Differing opinions on Nigeria’s production cost from Nigerian National Petroleum Corp. (NNPC) underscored problems within the company’s understanding.
National Petroleum Investment Management Services’ (NAPIMS) head, Dafe Sejebor, was reported as saying production costs in the country had fallen to US$23 per barrel, from US$78 per barrel in August 2015. As a result he said, the savings, covering both production-sharing contracts (PSCs) and joint ventures, were around US$3 billion in the upstream.
Sejebor went on to say it intended to bring onshore costs down to US$17 per barrel, and offshore to US$19. NAPIMS is a unit of NNPC and is charged with overseeing PSC and joint venture operations in the country.
NNPC put out a statement on Sejebor’s comments on August 16. Nigerian Minister of State for Petroleum Resources Ibe Kachikwu also commented on production costs last week, saying these were around US$32 per barrel and that it was intended to reduce them to US$15 per barrel.

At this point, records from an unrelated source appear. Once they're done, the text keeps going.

(* Let $\vec n\in\mathbb{R}^9$ with $\sum_i n(i)=0$ and $\sum_i n(i)^2=1$, and for $r\ge0$ let $\rho_r=\sum_i[4p_r(i)-\frac13]\Pi_i$ with $p_r(i)=\frac19+r\,n(i)$. The set of $r\ge0$ for which $\rho_r$ is a density operator is an interval $[0,r(\vec n)]$, where $r(\vec n)$ is the smallest positive root of $4r^3F(\vec n)-r^2+\frac1{54}=0$. In particular $r(\vec n)=\frac1{3\sqrt6}$ when $F(\vec n)=0$, $r(\vec n)=\frac1{3\sqrt2}$ when $F(\vec n)=\frac1{\sqrt2}$, $r(\vec n)=\frac1{6\sqrt2}$ when $F(\vec n)=-\frac1{\sqrt2}$, and for all such $\vec n$, $$\frac1{6\sqrt2}\le r(\vec n)\le\frac1{3\sqrt2}.$$
   Context: Let $\omega=e^{2\pi i/3}$, standard basis $|0\rangle,|1\rangle,|2\rangle$ of $\mathbb{C}^3$, $X|j\rangle=|j+1\bmod 3\rangle$, $Z|j\rangle=\omega^j|j\rangle$, $|\psi_0\rangle=\frac1{\sqrt2}(0,1,-1)^T$; for $m,n\in\{0,1,2\}$ and $i=3m+n+1$, $\Pi_i$ is the projector onto $X^mZ^n|\psi_0\rangle$ (the canonical Hesse SIC), so $p_r(i)=\frac13\operatorname{Tr}(\rho_r\Pi_i)$. Identify index $i=3m+n+1$ with $(m,n)\in\mathbb{Z}_3^2$; the 12 affine lines are $\{1,2,3\},\{4,5,6\},\{7,8,9\},\{1,4,7\},\{2,5,8\},\{3,6,9\},\{1,5,9\},\{2,6,7\},\{3,4,8\},\{1,6,8\},\{2,4,9\},\{3,5,7\}$, and $Q$ is the set of ordered triples $(i,j,k)$ of pairwise distinct indices with $\{i,j,k\}$ a line. For $v\in\mathbb{R}^9$ define $F(v)=\sum_i v(i)^3-\frac12\sum_{(i,j,k)\in Q}v(i)v(j)v(k)$. *)

theory Defs
  imports Complex_Main
begin

text \<open>Dimension 3: vectors in C^3 and 3x3 matrices are represented as functions
  on nat indices, only indices 0,1,2 being relevant.\<close>

definition omega :: complex where
  "omega = cis (2 * pi / 3)"

text \<open>Shift X|j> = |j+1 mod 3>, i.e. (X v)_j = v_{j-1 mod 3}; clock Z|j> = omega^j |j>.\<close>
definition Xop :: "(nat \<Rightarrow> complex) \<Rightarrow> nat \<Rightarrow> complex" where
  "Xop v j = v ((j + 2) mod 3)"

definition Zop :: "(nat \<Rightarrow> complex) \<Rightarrow> nat \<Rightarrow> complex" where
  "Zop v j = omega ^ j * v j"

definition psi0 :: "nat \<Rightarrow> complex" where
  "psi0 j = (if j = 1 then 1 / complex_of_real (sqrt 2)
             else if j = 2 then - 1 / complex_of_real (sqrt 2) else 0)"

definition sic_vec :: "nat \<Rightarrow> nat \<Rightarrow> nat \<Rightarrow> complex" where
  "sic_vec m n = (Xop ^^ m) ((Zop ^^ n) psi0)"

text \<open>Projector Pi_i onto X^m Z^n psi0, where i = 3m+n+1, i in {1..9}.\<close>
definition Proj :: "nat \<Rightarrow> nat \<Rightarrow> nat \<Rightarrow> complex" where
  "Proj i a b = (let v = sic_vec ((i - 1) div 3) ((i - 1) mod 3) in v a * cnj (v b))"

text \<open>The 12 affine lines of Z_3^2 (indices 1..9) and the ordered triples Q.\<close>
definition lines :: "nat set set" where
  "lines = {{1,2,3},{4,5,6},{7,8,9},{1,4,7},{2,5,8},{3,6,9},{1,5,9},{2,6,7},{3,4,8},
            {1,6,8},{2,4,9},{3,5,7}}"

definition Qtrip :: "(nat \<times> nat \<times> nat) set" where
  "Qtrip = {(i,j,k). i \<noteq> j \<and> j \<noteq> k \<and> i \<noteq> k \<and> {i,j,k} \<in> lines}"
lemma Fmat_mult_vec_second_ge:
  assumes "0 \<le> t" "0 \<le> z$1" "0 \<le> z$2"
  shows "z$2 \<le> (Fmat t *v z)$2"
  using assms by (simp add: Fmat_mult_vec_nth algebra_simps)

lemma Mw_mult_vec_nonneg:
  assumes "0 \<le> a" "0 \<le> b" "0 \<le> z$1" "0 \<le> z$2"
  shows "0 \<le> (Mw a b u *v z)$1" "0 \<le> (Mw a b u *v z)$2"
  using Mw_nth_bounds[OF assms(1,2), of u] assms(3,4)
  by (simp_all add: mat2_mult_vec_nth)

lemma coord_sum_le_Mw_mult_vec:
  assumes "0 \<le> a" "0 \<le> b" "0 \<le> z$1" "0 \<le> z$2"
  shows "coord_sum z \<le> coord_sum (Mw a b u *v z)"
proof -
  have "1 * z$1 \<le> (Mw a b u $1$1 + Mw a b u $2$1) * z$1"
       "1 * z$2 \<le> (Mw a b u $1$2 + Mw a b u $2$2) * z$2"
    using Mw_nth_bounds[OF assms(1,2), of u] assms(3,4) by (intro mult_right_mono; simp)+
  then show ?thesis
    unfolding coord_sum_mult_vec by (simp add: coord_sum_def)
qed

lemma phiw_snoc: "phiw a b (u @ [c]) y = phi a b c (phiw a b u y)"
  by (simp add: phiw_def)

lemma phiw_eq_Mw_ratio:
  assumes "0 \<le> a" "0 \<le> b"
  shows "phiw a b u 0 = Mw a b u $1$2 / Mw a b u $2$2"
proof (induction u rule: rev_induct)
  case (snoc c u)
  define t where "t = (if c then b else a)"
  define p q where "p = Mw a b u $1$2" and "q = Mw a b u $2$2"
  have "0 \<le> t" using assms by (simp add: t_def)
  moreover have "0 \<le> p" "1 \<le> q"
    using Mw_nth_bounds[OF assms, of u] by (auto simp: p_def q_def)
  ultimately have "p/q + 1 = (p + q)/q" "t * (p/q) + t + 1 = (t * p + (1 + t) * q)/q"
    by (simp_all add: field_simps)
  moreover have "Mw a b (u @ [c]) = Fmat t ** Mw a b u" "phi a b c y = (y + 1) / (t * y + t + 1)" for y
    by (simp_all add: Mw_snoc letterM_eq_Fmat phi_def t_def)
  ultimately show ?case
    using \<open>1 \<le> q\<close> by (simp add: phiw_snoc snoc.IH mat2_mult_nth Fmat_nth flip: p_def q_def)
qed (simp add: phiw_def mat1_2_nth)

lemma phiw_nonneg: "0 \<le> a \<Longrightarrow> 0 \<le> b \<Longrightarrow> 0 \<le> phiw a b u 0"
  using Mw_nth_bounds[of a b u] by (simp add: phiw_eq_Mw_ratio)

lemma wpow_Suc: "wpow u (Suc n) = wpow u n @ u"
  by (induction n) (simp_all add: wpow_def)

lemma rev_wpow: "rev (wpow u n) = wpow (rev u) n"
  by (simp add: wpow_def rev_concat rev_map)

lemma append_wpow_shift: "xs @ wpow (ys @ xs) n = wpow (xs @ ys) n @ xs"
  by (induction n) (simp_all add: wpow_def)

lemma coord_sum_mult_vec_e2: "coord_sum ((A::real^2^2) *v vector [0, 1]) = A$1$2 + A$2$2"
  by (simp add: coord_sum_mult_vec)

lemma mult_vec_e1_second: "((A::real^2^2) *v vector [1, 0])$2 = A$2$1"
  by (simp add: mat2_mult_vec_nth)

lemma coord_sum_mult_diff_ge:
  fixes R :: "real^2^2"
  assumes "1 \<le> R$1$1" "0 \<le> R$2$1" "p$2 = q$2" "q$1 \<le> p$1"
  shows "p$1 - q$1 \<le> coord_sum (R *v p) - coord_sum (R *v q)"
proof -
  have "coord_sum (R *v p) - coord_sum (R *v q) = (R$1$1 + R$2$1) * (p$1 - q$1)"
    using assms(3) by (simp add: coord_sum_mult_vec algebra_simps)
  moreover have "1 * (p$1 - q$1) \<le> (R$1$1 + R$2$1) * (p$1 - q$1)"
    using assms by (intro mult_right_mono) auto
  ultimately show ?thesis by simp
qed

lemma coord_sum_zero_first_coord:
  fixes W :: "real^2^2"
  assumes "coord_sum (W *v d) = 0"
  shows "(W$1$1 + W$2$1) * (W *v d)$1 = - det W * d$2"
proof -
  have "(W$1$1 + W$2$1) * (W *v d)$1 = (W$1$1 + W$2$1) * (W *v d)$1 - W$1$1 * coord_sum (W *v d)"
    using assms by simp
  also have "\<dots> = - det W * d$2"
    by (simp add: det_2 coord_sum_mult_vec mat2_mult_vec_nth algebra_simps)
  finally show ?thesis .
qed

lemma coord_sum_right_factor_nonneg:
  fixes R Z :: "real^2^2"
  assumes "det R = 1" and "Z$1$1 + Z$2$1 \<le> Z$1$2 + Z$2$2"
    and "0 < (Z ** R)$1$1 + (Z ** R)$2$1"
    and "coord_sum ((Z ** R) *v d) = 0" and "d$2 \<le> 0"
  shows "0 \<le> coord_sum (R *v d)"
proof -
  have "((Z ** R)$1$1 + (Z ** R)$2$1) * coord_sum (R *v d)
      = ((Z ** R)$1$1 + (Z ** R)$2$1) * coord_sum (R *v d)
        - (R$1$1 + R$2$1) * coord_sum ((Z ** R) *v d)"
    using assms(4) by simp
  also have "\<dots> = - d$2 * ((Z$1$2 + Z$2$2) - (Z$1$1 + Z$2$1)) * det R"
    by (simp add: det_2 coord_sum_mult_vec mat2_mult_vec_nth mat2_mult_nth algebra_simps)
  also have "\<dots> \<ge> 0"
    using assms(1,2,5) by (simp add: mult_nonpos_nonneg)
  finally show ?thesis
    using assms(3) by (simp add: zero_le_mult_iff)
qed

lemma seqval_eq:
  "seqval a b u n k x = (Mw a b (take k u) *v (Mw a b (wpow u n) *v vector [x, 1]))$2"
  by (simp add: seqval_def Mw_append matrix_vector_mul_assoc)

lemma seqval_nonneg:
  assumes "0 \<le> a" "0 \<le> b" "0 \<le> x"
  shows "0 \<le> seqval a b u n k x"
  using assms by (simp add: seqval_eq Mw_mult_vec_nonneg)

lemma seqval_mono:
  assumes "0 \<le> a" "0 \<le> b" "0 \<le> x" "k < length u"
  shows "seqval a b u n k x \<le> seqval a b u n (Suc k) x"
proof -
  define z where "z = Mw a b (take k u) *v (Mw a b (wpow u n) *v vector [x, 1])"
  have "0 \<le> z$1" "0 \<le> z$2"
    using assms by (simp_all add: z_def Mw_mult_vec_nonneg)
  moreover have "seqval a b u n (Suc k) x = (Fmat (if u ! k then b else a) *v z)$2"
    using assms(4) by (simp add: seqval_eq z_def Mw_take_Suc flip: matrix_vector_mul_assoc)
  ultimately show ?thesis
    using assms(1,2) by (simp add: seqval_eq Fmat_mult_vec_second_ge flip: z_def)
qed

lemma sum_seqval_eq_prefix_gain:
  "j \<le> length u \<Longrightarrow>
    (\<Sum>k=1..j. seqval a b u n k x) = prefix_gain a b u j (Mw a b (wpow u n) *v vector [x, 1])"
  unfolding seqval_eq by (rule sum_prefix_second_eq_prefix_gain)

lemma one_le_cases:
  assumes "1 \<le> (j::nat)"
  obtains "j = 1" | k where "j = Suc (Suc k)"
  using assms by (cases j; cases "j - 1") auto

context
  fixes a b :: real and w :: "bool list"
  assumes a_nonneg: "0 \<le> a" and a_less_b: "a < b" and palindrome: "rev w = w"
begin

lemma b_nonneg: "0 \<le> b"
  using a_nonneg a_less_b by simp

abbreviation "X n \<equiv> Mw a b (wpow (True # False # w) n)"
abbreviation "Y n \<equiv> Mw a b (wpow (False # True # w) n)"

abbreviation "xe n \<equiv> X n *v vector [1, 0]"
abbreviation "ye n \<equiv> Y n *v vector [1, 0]"
abbreviation "xw n \<equiv> X n *v (Mw a b w *v vector [0, 1])"
abbreviation "yw n \<equiv> Y n *v (Mw a b w *v vector [0, 1])"

lemma X_Suc_mult_vec: "X (Suc n) *v z = Mw a b w *v ((Fmat a ** Fmat b) *v (X n *v z))"
  by (simp add: wpow_Suc Mw_append letterM_def matrix_vector_mul_assoc matrix_mul_assoc)

lemma Y_Suc_mult_vec: "Y (Suc n) *v z = Mw a b w *v ((Fmat b ** Fmat a) *v (Y n *v z))"
  by (simp add: wpow_Suc Mw_append letterM_def matrix_vector_mul_assoc matrix_mul_assoc)

lemma ye_nonneg: "0 \<le> ye n $1" "0 \<le> ye n $2"
  by (simp_all add: Mw_mult_vec_nonneg[OF a_nonneg b_nonneg])

lemma yw_nonneg: "0 \<le> yw n $1" "0 \<le> yw n $2"
  by (simp_all add: Mw_mult_vec_nonneg[OF a_nonneg b_nonneg])

lemma coord_sum_xw_eq_yw: "coord_sum (xw n) = coord_sum (yw n)"
proof -
  have "rev (w @ wpow (True # False # w) n) = w @ wpow (False # True # w) n"
    using palindrome append_wpow_shift[of w "[False, True]" n] by (simp add: rev_wpow)
  then show ?thesis
    using Mw_rev_nth(2)[of a b "w @ wpow (True # False # w) n"]
    by (simp add: Mw_append matrix_vector_mul_assoc coord_sum_mult_vec_e2)
qed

Adding further confusion to the issue, NNPC’s managing director, Maikanti Baru, in an address to the staff in early July said operating costs had been reduced from US$27 per barrel to US$22 per barrel.
While production costs will have come down in recent times, as companies focus on cost savings and efficiencies, Sejebor’s quote of US$78 per barrel number seems outlandish.
Providing a single number at which a barrel of oil can be produced in Nigeria will always be a challenge, given the variety of fields and developments in the country – from the deepwater, shallow-water, swamps and onshore. There will, though, be a single number, no matter how poor a metric it would be. That NNPC and the government cannot agree on one is a telling sign.